Impresso
Critical text mining of newspaper archives
Source: This example was kindly contributed by Matteo Romanello, Digital Humanities Laboratory, EPFL, Switzerland
The Impresso project aims to enable critical text mining of newspaper archives with the implementation of a technological framework to extract, process, link, and explore data from print media archives.
The project works with a large corpus of historical newspapers data in several languages: mainly French and German, but also Luxembourgish; historical period: from end of 18th century to the present time (see state of newspaper collection).
To achieve this aim, several NLP techniques are employed, including:
- Named entity processing (classification and disambiguation/linking)
- NE recognition and classification: custom tag set, based on Quaero annotation guidelines
- NE linking: against Wikidata and an internal KB
Due to the special nature of the text corpus, off-the-shelve models cannot be used for the above tasks.

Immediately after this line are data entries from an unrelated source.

lemma card_perm_solutions_cyclic_op_i_start:
  fixes \<phi> \<theta> :: "nat \<Rightarrow> nat"
  assumes op: "cyclic_op n x y \<phi> \<theta>" and \<phi>: "\<phi> permutes {1..n}" and "\<theta> permutes {1..n}"
    and "x = 0" "x + 1 < y"
  shows "card (perm_solutions G n \<phi>) = card (perm_solutions G n \<theta>)"
proof -
  let ?r = "relabel 0 y"
  have \<theta>: "\<And>i. i \<in> {1..n} \<Longrightarrow> \<theta> i = ?r (\<phi> i)"
    using cyclic_op_one_line[OF op \<phi> assms(3)] assms(4) by simp
  have y: "Suc 0 < y" "y \<le> n" and window: "bbc n \<phi> 1 = y" "bbc n \<phi> y = 0"
    using op assms(4,5) by (auto simp: cyclic_op_def succ_idx_def)
  have T: "map \<phi> [1..<Suc n] = [y, 1] @ map \<phi> [3..<Suc n]"
    using one_line_window_start[OF \<phi> _ window] y by simp
  obtain y' where y': "y = Suc y'" using y by (cases y) auto
  have S: "[1..<Suc n] = [1] @ [2..<y] @ [y] @ [Suc y..<Suc n]"
    using y by (simp del: upt_Suc add: upt_merge numeral_2_eq_2)
  define S' where "S' = [2..<y] @ [1, y] @ [Suc y..<Suc n]"
  have "map ?r [Suc y..<Suc n] = [Suc y..<Suc n]"
    by (rule map_upt_id) (use y in \<open>auto simp: relabel_def\<close>)
  moreover have "map ?r [2..<y] = [1..<y']" unfolding y' numeral_2_eq_2 One_nat_def
    by (rule map_upt_shift_down) (use y y' in \<open>auto simp: relabel_def\<close>)
  moreover have "?r 1 = y'" "?r y = y" using y y' by (auto simp: relabel_def)
  ultimately have "map ?r S' = [1..<y'] @ [y', y] @ [Suc y..<Suc n]"
    unfolding S'_def by simp
  also have "\<dots> = [1..<Suc n]"
    using y y' by (simp del: upt_Suc add: upt_merge)
  finally have rS: "map ?r S' = [1..<Suc n]" .
  have "set S' = {1..n}"
    using arg_cong[OF S, of set] unfolding S'_def
    by (simp only: set_append list.set set_upt atLeastLessThanSuc_atLeastAtMost) blast
  have "card (perm_solutions G n \<phi>) = card (solutions G {1..n} S' (map \<phi> [1..<Suc n]))"
    unfolding S'_def by (rule card_solutions_move_right_from_front[OF S T])
      (simp_all only: distinct_upt permutes_one_line_distinct[OF \<phi>] permutes_one_line_set[OF \<phi>]
        set_upt atLeastLessThanSuc_atLeastAtMost order_refl)
  also have "\<dots> = card (perm_solutions G n \<theta>)"
    using card_perm_solutions_relabel[OF \<phi> \<theta> rS \<open>set S' = {1..n}\<close>] by simp
  finally show ?thesis .
qed

lemma card_perm_solutions_cyclic_op_ii:
  fixes \<phi> \<theta> :: "nat \<Rightarrow> nat"
  assumes op: "cyclic_op n x y \<phi> \<theta>" and \<phi>: "\<phi> permutes {1..n}" and "\<theta> permutes {1..n}"
    and xy: "0 < y" "y < x" "x < n"
  shows "card (perm_solutions G n \<phi>) = card (perm_solutions G n \<theta>)"
proof -
  let ?r = "relabel x y"
  have \<theta>: "\<And>i. i \<in> {1..n} \<Longrightarrow> \<theta> i = ?r (\<phi> i)"
    by (rule cyclic_op_one_line[OF op \<phi> assms(3)])
  have window: "bbc n \<phi> (Suc x) = y" "bbc n \<phi> y = x"
    using op xy by (auto simp: cyclic_op_def succ_idx_def)
  have "Suc x \<in> {1..n}" "x \<noteq> 0" "y \<noteq> 0"
    using xy by auto
  then obtain i where T: "map \<phi> [1..<Suc n] = map \<phi> [1..<i - 2] @ [x, y, Suc x] @ map \<phi> [Suc i..<Suc n]"
    using one_line_window[OF \<phi> _ window] by blast
  have S: "[1..<Suc n] = [1..<y] @ [y] @ [Suc y..<x] @ [x, Suc x] @ [Suc (Suc x)..<Suc n]"
    using xy by (simp del: upt_Suc add: upt_merge)
  define S' where "S' = [1..<y] @ [y, x] @ [Suc y..<x] @ [Suc x] @ [Suc (Suc x)..<Suc n]"
  have "map ?r [1..<y] = [1..<y]"
    by (rule map_upt_id) (use xy in \<open>auto simp: relabel_def\<close>)
  moreover have "map ?r [Suc (Suc x)..<Suc n] = [Suc (Suc x)..<Suc n]"
    by (rule map_upt_id) (use xy in \<open>auto simp: relabel_def\<close>)
  moreover have "map ?r [Suc y..<x] = [Suc (Suc y)..<Suc x]"
    by (rule map_upt_shift_up) (use xy in \<open>auto simp: relabel_def\<close>)
  moreover have "?r x = Suc y" "?r (Suc x) = Suc x" "?r y = y" using xy by (auto simp: relabel_def)
  ultimately have "map ?r S' = [1..<y] @ [y, Suc y] @ [Suc (Suc y)..<Suc x] @ [Suc x] @ [Suc (Suc x)..<Suc n]"
    unfolding S'_def by simp
  also have "\<dots> = [1..<Suc n]"
    using xy by (simp del: upt_Suc add: upt_merge)
  finally have rS: "map ?r S' = [1..<Suc n]" .
  have "set S' = {1..n}"
    using arg_cong[OF S, of set] unfolding S'_def
    by (simp only: set_append list.set set_upt atLeastLessThanSuc_atLeastAtMost) blast
  have "card (perm_solutions G n \<phi>) = card (solutions G {1..n} S' (map \<phi> [1..<Suc n]))"
    unfolding S'_def by (rule card_solutions_move_left[OF S T])
      (simp_all only: distinct_upt permutes_one_line_distinct[OF \<phi>] permutes_one_line_set[OF \<phi>]
        set_upt atLeastLessThanSuc_atLeastAtMost order_refl)
  also have "\<dots> = card (perm_solutions G n \<theta>)"
    using card_perm_solutions_relabel[OF \<phi> \<theta> rS \<open>set S' = {1..n}\<close>] by simp
  finally show ?thesis .
qed

lemma card_perm_solutions_cyclic_op_ii_end:
  fixes \<phi> \<theta> :: "nat \<Rightarrow> nat"
  assumes op: "cyclic_op n x y \<phi> \<theta>" and \<phi>: "\<phi> permutes {1..n}" and "\<theta> permutes {1..n}"
    and "x = n" "y < x"
  shows "card (perm_solutions G n \<phi>) = card (perm_solutions G n \<theta>)"
proof -
  let ?r = "relabel n y"
  have \<theta>: "\<And>i. i \<in> {1..n} \<Longrightarrow> \<theta> i = ?r (\<phi> i)"
    using cyclic_op_one_line[OF op \<phi> assms(3)] assms(4) by simp
  have y: "y < n" and window: "\<phi> n = y" "bbc n \<phi> y = n"
    using op assms(4,5) by (auto simp: cyclic_op_def succ_idx_def bbc_def)
  have "y \<noteq> 0"
    using permutes_eq_zero_iff[OF \<phi>, of n] window(1) y by simp
  then have T: "map \<phi> [1..<Suc n] = map \<phi> [1..<n - 1] @ [n, y]"
    using one_line_window_end[OF \<phi> window] by simp
  have S: "[1..<Suc n] = [1..<y] @ [y] @ [Suc y..<n] @ [n]"
    using y \<open>y \<noteq> 0\<close> by (simp del: upt_Suc add: upt_merge)
  define S' where "S' = [1..<y] @ [y, n] @ [Suc y..<n]"
  have "map ?r [1..<y] = [1..<y]"
    by (rule map_upt_id) (use y in \<open>auto simp: relabel_def\<close>)
  moreover have "map ?r [Suc y..<n] = [Suc (Suc y)..<Suc n]"
    by (rule map_upt_shift_up) (use y in \<open>auto simp: relabel_def\<close>)
  moreover have "?r n = Suc y" "?r y = y" using y by (auto simp: relabel_def)
  ultimately have "map ?r S' = [1..<y] @ [y, Suc y] @ [Suc (Suc y)..<Suc n]"
    unfolding S'_def by simp
  also have "\<dots> = [1..<Suc n]"
    using y \<open>y \<noteq> 0\<close> by (simp del: upt_Suc add: upt_merge)
  finally have rS: "map ?r S' = [1..<Suc n]" .
  have "set S' = {1..n}"
    using arg_cong[OF S, of set] unfolding S'_def
    by (simp only: set_append list.set set_upt atLeastLessThanSuc_atLeastAtMost) blast
  have "card (perm_solutions G n \<phi>) = card (solutions G {1..n} S' (map \<phi> [1..<Suc n]))"
    unfolding S'_def by (rule card_solutions_move_left_from_back[OF S T])
      (simp_all only: distinct_upt permutes_one_line_distinct[OF \<phi>] permutes_one_line_set[OF \<phi>]
        set_upt atLeastLessThanSuc_atLeastAtMost order_refl)
  also have "\<dots> = card (perm_solutions G n \<theta>)"
    using card_perm_solutions_relabel[OF \<phi> \<theta> rS \<open>set S' = {1..n}\<close>] by simp
  finally show ?thesis .
qed

lemma card_perm_solutions_cyclic_op_ii_start:
  fixes \<phi> \<theta> :: "nat \<Rightarrow> nat"
  assumes op: "cyclic_op n x y \<phi> \<theta>" and \<phi>: "\<phi> permutes {1..n}" and "\<theta> permutes {1..n}"
    and "y = 0" "y < x" "x < n"
  shows "card (perm_solutions G n \<phi>) = card (perm_solutions G n \<theta>)"
proof -
  let ?r = "relabel x 0"
  have \<theta>: "\<And>i. i \<in> {1..n} \<Longrightarrow> \<theta> i = ?r (\<phi> i)"
    using cyclic_op_one_line[OF op \<phi> assms(3)] assms(4) by simp
  have x: "0 < x" "x < n" and window: "bbc n \<phi> (Suc x) = 0" "\<phi> n = x"
    using op assms(4-6) by (auto simp: cyclic_op_def succ_idx_def bbc_def)
  have T: "map \<phi> [1..<Suc n] = [Suc x] @ map \<phi> [2..<n] @ [x]"
    using one_line_window_wrap[OF \<phi> _ _ window] x by simp
  have S: "[1..<Suc n] = [1..<x] @ [x, Suc x] @ [Suc (Suc x)..<Suc n]"
    using x by (simp del: upt_Suc add: upt_merge)
  define S' where "S' = [x] @ [1..<x] @ [Suc x] @ [Suc (Suc x)..<Suc n]"
  have "map ?r [Suc (Suc x)..<Suc n] = [Suc (Suc x)..<Suc n]"
    by (rule map_upt_id) (use x in \<open>auto simp: relabel_def\<close>)
  moreover have "map ?r [1..<x] = [2..<Suc x]"
    unfolding numeral_2_eq_2 One_nat_def by (rule map_upt_shift_up) (use x in \<open>auto simp: relabel_def\<close>)
  moreover have "?r x = 1" "?r (Suc x) = Suc x" using x by (auto simp: relabel_def)
  ultimately have "map ?r S' = [1] @ [2..<Suc x] @ [Suc x] @ [Suc (Suc x)..<Suc n]"
    unfolding S'_def by simp
  also have "\<dots> = [1..<Suc n]"
    using x by (simp del: upt_Suc add: upt_merge numeral_2_eq_2)
  finally have rS: "map ?r S' = [1..<Suc n]" .
  have "set S' = {1..n}"
    using arg_cong[OF S, of set] unfolding S'_def
    by (simp only: set_append list.set set_upt atLeastLessThanSuc_atLeastAtMost) blast
  have "card (perm_solutions G n \<phi>) = card (solutions G {1..n} S' (map \<phi> [1..<Suc n]))"
    unfolding S'_def by (rule card_solutions_move_to_front[OF S T])
      (simp_all only: distinct_upt permutes_one_line_distinct[OF \<phi>] permutes_one_line_set[OF \<phi>]
        set_upt atLeastLessThanSuc_atLeastAtMost order_refl)
  also have "\<dots> = card (perm_solutions G n \<theta>)"
    using card_perm_solutions_relabel[OF \<phi> \<theta> rS \<open>set S' = {1..n}\<close>] by simp
  finally show ?thesis .
qed

end

lemma word_prod_eq_word_eval: "word_prod G n a = word_eval G a [1..<Suc n]"
  by (simp add: word_prod_def word_eval_def)

lemma word_prob_eq_card_perm_solutions:
  "word_prob G n \<phi> = real (card (perm_solutions G n \<phi>)) / real (card (carrier G)) ^ n"
  by (simp add: word_prob_def solutions_def word_prod_eq_word_eval word_eval_map comp_def)

theorem mainTheorem2:
  fixes G :: "('g, 'b) monoid_scheme" and n x y :: nat and phi theta :: "nat \<Rightarrow> nat"
  assumes "group G" and "finite (carrier G)" and "n \<ge> 1"
    and "phi permutes {1..n}" and "theta permutes {1..n}"
    and "x \<le> n" and "y \<le> n"
    and "cyclic_op n x y phi theta"
  shows "word_prob G n phi = word_prob G n theta"
proof -
  interpret group G by fact
  note op = assms(8) and perms = assms(4,5)
  have "(x < n \<and> x + 1 < y) \<or> y < x"
    using op by (simp add: cyclic_op_def)
  then consider "x = 0" "x + 1 < y" | "0 < x" "x + 1 < y" | "x = n" "y < x"
    | "y = 0" "y < x" "x < n" | "0 < y" "y < x" "x < n"
    using assms(6) by fastforce
  then have "card (perm_solutions G n phi) = card (perm_solutions G n theta)"
  proof cases
    case 1 then show ?thesis by (rule card_perm_solutions_cyclic_op_i_start[OF op perms])
  next
    case 2 then show ?thesis by (rule card_perm_solutions_cyclic_op_i[OF op perms])
  next
    case 3 then show ?thesis by (rule card_perm_solutions_cyclic_op_ii_end[OF op perms])
  next
    case 4 then show ?thesis by (rule card_perm_solutions_cyclic_op_ii_start[OF op perms])
  next
    case 5 then show ?thesis by (rule card_perm_solutions_cyclic_op_ii[OF op perms])
  qed
  then show ?thesis
    by (simp add: word_prob_eq_card_perm_solutions)
qed

end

For this reason, INCEpTION will be used as the annotation environment for an extensive annotation campaign (running August 2018 -> June 2019). We will use it for annotating NE-related information in our data, either from scratch or with pre-annotated annotations.
Features that we consider of particular importance to our use-case are:
- import structured stand-off annotations generated by Python code via Cassis
- linking with KB: to note here the necessity for INCEpTION’s functionalities to scale up to e.g. Wikidata-sized resources, with tens of thousands of class instances
- active learning will be used to speed up the annotation process
- monitoring, to follow the annotators’ progress
- inter-annotator agreement